May 5th - Cinco de Mayo yakima car show (waiting for date to be confirmed) Yakima wa

May 18th - 1ST annual Perry tech custom car and motorcycle show. Hosted by Lowcos. Yakima wa 
May 19th - Bellingham western washington annual car show "ridn low in the 360" Bellingham wa
May 25th Lay’d out in the Northwest 21607 Mountain Hwy E Spanaway, WA 98948
May 27th SEWARD PARK, Seattle 206 
June 8th - Neon Light Show, Lowcos Yakima (not sure on location)
June 16th - Seattle Center Show, Seattle
July 20th - Legends Casino show hosted by Lowcos Yakima in Toppenish
August 10th - Lowrider Style CC Show n Shine/bbq Tacoma
August 10th - Showtime CC Prefunk Cruise night
August 11th- 5th Annual Northwest Premier Showtime Car show, Sandpoint Naval Base (details to follow)
August 17th – Lowmotion CC Car Show B&I Tacoma, Wa.
Sept. 14th – YV Techs Second Annual Custom Car show and neon show hosted by Lowcos, Yakima, Wa.
Sept. 21st- Annual Fullbright Park show and shine hosted by Lowcos Yakima


----------



## GPKIDD85 (Mar 11, 2009)

TTT


----------



## SUAVE TV (Mar 15, 2013)

http://www.youtube.com/watch?v=0hSIP2cPtPs&list=PLlr0rVqgEjTDxwqyg6lihtzcfuF25JZCD


I AM VIDEO PRODUCER ABE CORTEZ "SUAVE TV" Call at (253) 389 - 2234 I would like to talk biz and video tape your show.


----------



## LadyShowtime (Sep 25, 2004)

*2013 Northwest Show Dates (Updated 3/5/13)*
March 23[SUP]rd[/SUP] - Sunnyside high school 9th annual show &shine 
March 31[SUP]st[/SUP] - 3rd annual changing pointe eggnormous event hosted by lowcos yakima 

May 5[SUP]th[/SUP] - Cinco de Mayo yakima car show (waiting for date to be confirmed) Yakima wa

May 18[SUP]th[/SUP] - 1ST annual Perry tech custom car and motorcycle show.
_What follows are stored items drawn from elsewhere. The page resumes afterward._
(* For every integer $g \geq 1$, the matching number (the maximum cardinality of a matching) of the graph $\mathcal{F}_g$ is $\frac{4^g+8}{6}$.
   Context: The graphs $\mathcal{F}_g$, $g\ge 1$, are defined recursively. $\mathcal{F}_1$ is the 4-cycle (quadrangle). For $g>1$, $\mathcal{F}_g$ is obtained from $\mathcal{F}_{g-1}$ by replacing every edge $\{v_i,v_j\}$ of $\mathcal{F}_{g-1}$ by a quadrangle in which $v_i$ and $v_j$ are diagonal vertices: the edge $\{v_i,v_j\}$ is deleted, two new vertices $w,w'$ are added, and the four edges $\{v_i,w\},\{w,v_j\},\{v_i,w'\},\{w',v_j\}$ are added. Thus $\mathcal{F}_g$ has $\frac{2}{3}(4^g+2)$ vertices and $4^g$ edges. A matching is a set of edges no two of which share a vertex. *)

theory Defs
  imports Complex_Main
begin

text \<open>Vertices: the four vertices of the initial quadrangle are V 0..V 3; when an edge
  stored as the pair (u,v) is replaced by a quadrangle, the two new vertices are
  W u v False and W u v True (fresh, since each edge is stored exactly once).\<close>
datatype vtx = V nat | W vtx vtx bool

text \<open>Oriented edge list: FE 0 is F_1 (the 4-cycle), FE (Suc n) is obtained from FE n by
  replacing every edge (u,v) by the quadrangle u - w - v - w' - u.\<close>
fun FE :: "nat \<Rightarrow> (vtx \<times> vtx) set" where
  "FE 0 = {(V 0, V 1), (V 1, V 2), (V 2, V 3), (V 3, V 0)}"
| "FE (Suc n) = (\<Union>(u, v) \<in> FE n. \<Union>b \<in> UNIV.
      {(u, W u v b), (W u v b, v)})"

definition F :: "nat \<Rightarrow> vtx set set" where
  "F g = (\<lambda>(u, v). {u, v}) ` FE (g - 1)"

definition is_matching :: "'a set set \<Rightarrow> 'a set set \<Rightarrow> bool" where
  "is_matching E M \<longleftrightarrow> M \<subseteq> E \<and> (\<forall>e1\<in>M. \<forall>e2\<in>M. e1 \<noteq> e2 \<longrightarrow> e1 \<inter> e2 = {})"

definition matching_number :: "'a set set \<Rightarrow> nat" where
  "matching_number E = Max (card ` {M. is_matching E M})"

end

theory Submission
  imports Defs
begin

text \<open>Every edge of \<open>F (g + 1)\<close> joins a vertex of \<open>F g\<close> to a vertex created in the last
  step, so the old vertices cover all edges and bound every matching by the number of vertices
  of \<open>F g\<close>. Conversely, every old vertex \<open>v\<close> is the head of some edge \<open>(u, v)\<close> of \<open>F g\<close>, and
  the edges \<open>{v, W u v False}\<close> form a matching of that size, the new endpoints being distinct
  for distinct \<open>v\<close>. Hence the matching number of \<open>F (g + 1)\<close> is \<open>2 (4 ^ g + 2) / 3\<close>, which is
  \<open>(4 ^ (g + 1) + 8) / 6\<close>; for the quadrangle \<open>F 1\<close> the value 2 is checked directly.\<close>

lemma card_matching_le_card_cover:
  assumes "is_matching E M" and "finite S" and "\<And>e. e \<in> E \<Longrightarrow> e \<inter> S \<noteq> {}"
  shows "card M \<le> card S"
proof -
  define pick where "pick e = (SOME x. x \<in> e \<inter> S)" for e
  have pick: "pick e \<in> e \<inter> S" if "e \<in> M" for e
  proof -
    from that assms(1) have "e \<in> E" by (auto simp: is_matching_def)
    with assms(3) have "\<exists>x. x \<in> e \<inter> S" by blast
    then show ?thesis unfolding pick_def by (rule someI_ex)
  qed
  have "inj_on pick M"
  proof (rule inj_onI)
    fix e e' assume "e \<in> M" "e' \<in> M" "pick e = pick e'"
    then have "e \<inter> e' \<noteq> {}" using pick by (metis IntD1 disjoint_iff)
    with \<open>e \<in> M\<close> \<open>e' \<in> M\<close> assms(1) show "e = e'" by (auto simp: is_matching_def)
  qed
  moreover have "pick ` M \<subseteq> S" using pick by blast
  ultimately show ?thesis using assms(2) by (rule card_inj_on_le)
qed

lemma matching_numberI:
  assumes "is_matching E M" and "card M = k" and "\<And>M'. is_matching E M' \<Longrightarrow> card M' \<le> k"
  shows "matching_number E = k"
  unfolding matching_number_def
proof (rule Max_eqI)
  show "finite (card ` {M. is_matching E M})"
    by (rule finite_subset[of _ "{..k}"]) (use assms(3) in auto)
qed (use assms in auto)

lemma matching_number_F_1: "matching_number (F 1) = 2"
proof (rule matching_numberI)
  have F_1: "F 1 = {{V 0, V 1}, {V 1, V 2}, {V 2, V 3}, {V 3, V 0}}"
    by (auto simp: F_def)
  show "is_matching (F 1) {{V 0, V 1}, {V 2, V 3}}"
    unfolding is_matching_def F_1 by auto
  show "card {{V 0, V 1}, {V 2, V 3}} = 2"
    by (simp add: doubleton_eq_iff)
  have cover: "e \<inter> {V 0, V 2} \<noteq> {}" if "e \<in> F 1" for e
    using that unfolding F_1 by auto
  fix M assume "is_matching (F 1) M"
  then have "card M \<le> card {V 0, V 2}"
    by (rule card_matching_le_card_cover[OF _ _ cover]) simp
  then show "card M \<le> 2" by simp
qed

lemma mem_FE_Suc_iff:
  "p \<in> FE (Suc n) \<longleftrightarrow> (\<exists>u v b. (u, v) \<in> FE n \<and> (p = (u, W u v b) \<or> p = (W u v b, v)))"
  by auto

declare FE.simps(2)[simp del]

fun depth :: "vtx \<Rightarrow> nat" where
  "depth (V k) = 0"
| "depth (W u v b) = Suc (max (depth u) (depth v))"

lemma max_depth_FE: "(u, v) \<in> FE n \<Longrightarrow> max (depth u) (depth v) = n"
proof (induction n arbitrary: u v)
  case (Suc n)
  then obtain u' v' b where "(u', v') \<in> FE n" "(u, v) = (u', W u' v' b) \<or> (u, v) = (W u' v' b, v')"
    unfolding mem_FE_Suc_iff by blast
  moreover from \<open>(u', v') \<in> FE n\<close> have "max (depth u') (depth v') = n" by (rule Suc.IH)
  ultimately show ?case by auto
qed auto

text \<open>\<open>FV n\<close> is the vertex set of \<open>F (n + 1)\<close>, just as \<open>FE n\<close> is its edge set.\<close>

definition FV :: "nat \<Rightarrow> vtx set" where
  "FV n = fst ` FE n \<union> snd ` FE n"

definition new_vertices :: "nat \<Rightarrow> vtx set" where
  "new_vertices n = {W u v b | u v b. (u, v) \<in> FE n}"

lemma mem_FV_iff: "x \<in> FV n \<longleftrightarrow> (\<exists>y. (x, y) \<in> FE n \<or> (y, x) \<in> FE n)"
  unfolding FV_def by force

lemma depth_le_if_mem_FV: "x \<in> FV n \<Longrightarrow> depth x \<le> n"
  unfolding mem_FV_iff using max_depth_FE by fastforce

lemma depth_new_vertex: "x \<in> new_vertices n \<Longrightarrow> depth x = Suc n"
  unfolding new_vertices_def using max_depth_FE by auto

lemma FV_disjoint_new_vertices: "FV n \<inter> new_vertices n = {}"
  using depth_le_if_mem_FV depth_new_vertex by fastforce

lemma FV_Suc: "FV (Suc n) = FV n \<union> new_vertices n"
proof (intro equalityI subsetI)
  fix x assume "x \<in> FV (Suc n)"
  then show "x \<in> FV n \<union> new_vertices n"
    unfolding Un_iff mem_FV_iff mem_FE_Suc_iff new_vertices_def by auto
next
  fix x assume "x \<in> FV n \<union> new_vertices n"
  then consider y where "(x, y) \<in> FE n" | y where "(y, x) \<in> FE n"
    | u v b where "(u, v) \<in> FE n" "x = W u v b"
    unfolding Un_iff mem_FV_iff new_vertices_def by blast
  then show "x \<in> FV (Suc n)"
  proof cases
    case (1 y)
    then have "(x, W x y False) \<in> FE (Suc n)" unfolding mem_FE_Suc_iff by blast
    then show ?thesis unfolding mem_FV_iff by blast
  next
    case (2 y)
    then have "(W y x False, x) \<in> FE (Suc n)" unfolding mem_FE_Suc_iff by blast
    then show ?thesis unfolding mem_FV_iff by blast
  next
    case (3 u v b)
    then have "(u, x) \<in> FE (Suc n)" unfolding mem_FE_Suc_iff by blast
    then show ?thesis unfolding mem_FV_iff by blast
  qed
qed

lemma in_edge_if_mem_FV: "x \<in> FV n \<Longrightarrow> \<exists>u. (u, x) \<in> FE n"
proof (induction n arbitrary: x)
  case 0
  then show ?case by (auto simp: FV_def)
next
  case (Suc n)
  then consider "x \<in> FV n" | u v b where "(u, v) \<in> FE n" "x = W u v b"
    unfolding FV_Suc new_vertices_def by blast
  then show ?case
  proof cases
    case 1
    with Suc.IH obtain u where "(u, x) \<in> FE n" by blast
    then have "(W u x False, x) \<in> FE (Suc n)" by (auto simp: mem_FE_Suc_iff)
    then show ?thesis ..
  qed (auto simp: mem_FE_Suc_iff)
qed

lemma FE_Suc_eq:
  "FE (Suc n) = (\<lambda>((u, v), b). (u, W u v b)) ` (FE n \<times> UNIV)
              \<union> (\<lambda>((u, v), b). (W u v b, v)) ` (FE n \<times> UNIV)"
  unfolding set_eq_iff mem_FE_Suc_iff by (auto intro: rev_image_eqI[of "((u, v), b)" for u v b])

lemma finite_FE: "finite (FE n)"
  by (induction n) (simp_all add: FE_Suc_eq)

lemma finite_FV: "finite (FV n)"
  unfolding FV_def using finite_FE by blast

lemma card_FE: "card (FE n) = 4 ^ Suc n"
proof (induction n)
  case 0
  then show ?case by (simp add: numeral_eq_Suc)
next
  case (Suc n)
  let ?left = "(\<lambda>((u, v), b). (u, W u v b)) ` (FE n \<times> UNIV)"
  let ?right = "(\<lambda>((u, v), b). (W u v b, v)) ` (FE n \<times> UNIV)"
  have card_left: "card ?left = 2 * card (FE n)"
    by (subst card_image) (auto simp: inj_on_def card_cartesian_product)
  have card_right: "card ?right = 2 * card (FE n)"
    by (subst card_image) (auto simp: inj_on_def card_cartesian_product)
  have "?left \<inter> ?right = {}"
    using max_depth_FE by fastforce
  then have "card (FE (Suc n)) = card ?left + card ?right"
    unfolding FE_Suc_eq by (simp add: card_Un_disjoint finite_FE)
  then show ?case using card_left card_right Suc.IH by simp
qed

lemma new_vertices_eq_image: "new_vertices n = (\<lambda>((u, v), b). W u v b) ` (FE n \<times> UNIV)"
  unfolding new_vertices_def by force

lemma finite_new_vertices: "finite (new_vertices n)"
  unfolding new_vertices_eq_image by (simp add: finite_FE)

lemma card_new_vertices: "card (new_vertices n) = 2 * 4 ^ Suc n"
proof -
  have "card (new_vertices n) = card (FE n \<times> (UNIV :: bool set))"
    unfolding new_vertices_eq_image by (rule card_image) (auto simp: inj_on_def)
  then show ?thesis by (simp add: card_cartesian_product card_FE)
qed

lemma card_FV: "3 * card (FV n) = 2 * 4 ^ Suc n + 4"
proof (induction n)
  case 0
  have "FV 0 = {V 0, V 1, V 2, V 3}" by (auto simp: FV_def)
  then show ?case by simp
next
  case (Suc n)
  have "card (FV (Suc n)) = card (FV n) + card (new_vertices n)"
    unfolding FV_Suc using finite_FV finite_new_vertices FV_disjoint_new_vertices
    by (rule card_Un_disjoint)
  then show ?case using Suc.IH card_new_vertices by simp
qed

lemma FV_covers_F_Suc_Suc: "e \<in> F (Suc (Suc n)) \<Longrightarrow> e \<inter> FV n \<noteq> {}"
  by (auto simp: F_def mem_FE_Suc_iff mem_FV_iff)

lemma matching_saturating_FV:
  obtains M where "is_matching (F (Suc (Suc n))) M" and "card M = card (FV n)"
proof -
  define pred where "pred v = (SOME u. (u, v) \<in> FE n)" for v
  have pred: "(pred v, v) \<in> FE n" if "v \<in> FV n" for v
    unfolding pred_def using in_edge_if_mem_FV[OF that] by (rule someI_ex)
  define mate where "mate v = W (pred v) v False" for v
  have mate_edge: "{v, mate v} \<in> F (Suc (Suc n))" if "v \<in> FV n" for v
  proof -
    have "(mate v, v) \<in> FE (Suc n)"
      using pred[OF that] unfolding mate_def mem_FE_Suc_iff by blast
    then show ?thesis unfolding F_def by (force simp: insert_commute)
  qed
  have mate_new: "mate v \<in> new_vertices n" if "v \<in> FV n" for v
    using pred[OF that] unfolding mate_def new_vertices_def by blast
  have mate_distinct: "{a, mate a} \<inter> {b, mate b} = {}" if "a \<in> FV n" "b \<in> FV n" "a \<noteq> b" for a b
    using that mate_new FV_disjoint_new_vertices by (fastforce simp: mate_def)
  let ?M = "(\<lambda>v. {v, mate v}) ` FV n"
  have matching: "is_matching (F (Suc (Suc n))) ?M"
    unfolding is_matching_def
  proof (intro conjI ballI impI)
    show "?M \<subseteq> F (Suc (Suc n))" using mate_edge by auto
  next
    fix e e' assume "e \<in> ?M" "e' \<in> ?M" "e \<noteq> e'"
    then obtain a b where "a \<in> FV n" "b \<in> FV n" "a \<noteq> b" "e = {a, mate a}" "e' = {b, mate b}"
      by blast
    then show "e \<inter> e' = {}" using mate_distinct by simp
  qed
  have "inj_on (\<lambda>v. {v, mate v}) (FV n)"
    by (rule inj_onI) (use mate_distinct in blast)
  then have "card ?M = card (FV n)" by (rule card_image)
  with matching show ?thesis by (rule that)
qed

lemma matching_number_F_Suc_Suc: "matching_number (F (Suc (Suc n))) = card (FV n)"
proof -
  obtain M where "is_matching (F (Suc (Suc n))) M" "card M = card (FV n)"
    by (rule matching_saturating_FV)
  moreover have "card M' \<le> card (FV n)" if "is_matching (F (Suc (Suc n))) M'" for M'
    using that finite_FV FV_covers_F_Suc_Suc by (rule card_matching_le_card_cover)
  ultimately show ?thesis by (rule matching_numberI)
qed

theorem theorem1:
  fixes g :: nat
  assumes "g \<ge> 1"
  shows "real (matching_number (F g)) = (4 ^ g + 8) / 6"
proof -
  consider "g = 1" | n where "g = Suc (Suc n)"
    using assms by (metis One_nat_def Suc_le_D le_SucE)
  then show ?thesis
  proof cases
    case 1
    then show ?thesis using matching_number_F_1 by simp
  next
    case (2 n)
    have "3 * real (card (FV n)) = 2 * 4 ^ Suc n + 4"
      using arg_cong[OF card_FV[of n], of real] by simp
    then show ?thesis by (simp add: 2 matching_number_F_Suc_Suc)
  qed
qed

end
Hosted by Lowcos. Yakima wa 
May 19[SUP]th[/SUP] - Bellingham western washington annual car show "ridn low in the 360" Bellingham wa
May 25[SUP]th[/SUP] Lay’d out in the Northwest 21607 Mountain Hwy E Spanaway, Wa. 98948
May 27[SUP]th[/SUP] Seward Park, Seattle
June 8[SUP]th[/SUP] - Neon Light Show, Lowcos Yakima 
June 16[SUP]th[/SUP] - Seattle Center Show, Seattle
June 29[SUP]th[/SUP] – Greenwood Car Show, Seattle
July 7[SUP]th[/SUP] – Return to Renton car show, Renton, Wa.
July 20[SUP]th[/SUP] - Legends Casino show hosted by Lowcos Yakima in Toppenish
July 27[SUP]th[/SUP]- Seattle CC Show and Shine, Griots garage Tacoma, Wa
August 10[SUP]th[/SUP] - Lowrider Style CC Show n Shine/bbq Tacoma
August 10[SUP]th[/SUP] - Showtime CC Prefunk Cruise night
August 11[SUP]th[/SUP]- 5[SUP]th[/SUP] Annual Northwest Premier Showtime Car show, Sandpoint Naval Base (details to follow)
August 17[SUP]th[/SUP] – Lowmotion CC Car Show B&I Tacoma, Wa.
August 24[SUP]th[/SUP] - Seattle CC Show and Shine, Griots garage Tacoma, Wa
Sept. 14[SUP]th[/SUP] – YV Techs Second Annual Custom Car show and neon show hosted by Lowcos, Yakima, Wa.
Sept. 21[SUP]st[/SUP]- Annual Fullbright Park show and shine hosted by Lowcos Yakima​


----------



## SUAVE TV (Mar 15, 2013)

http://www.youtube.com/watch?v=0hSIP...ihtzcfuF25JZCD




I AM VIDEO PRODUCER ABE CORTEZ "SUAVE TV" Call at (253) 389 - 2234 I would like to talk biz and video tape your show.​


----------



## GPKIDD85 (Mar 11, 2009)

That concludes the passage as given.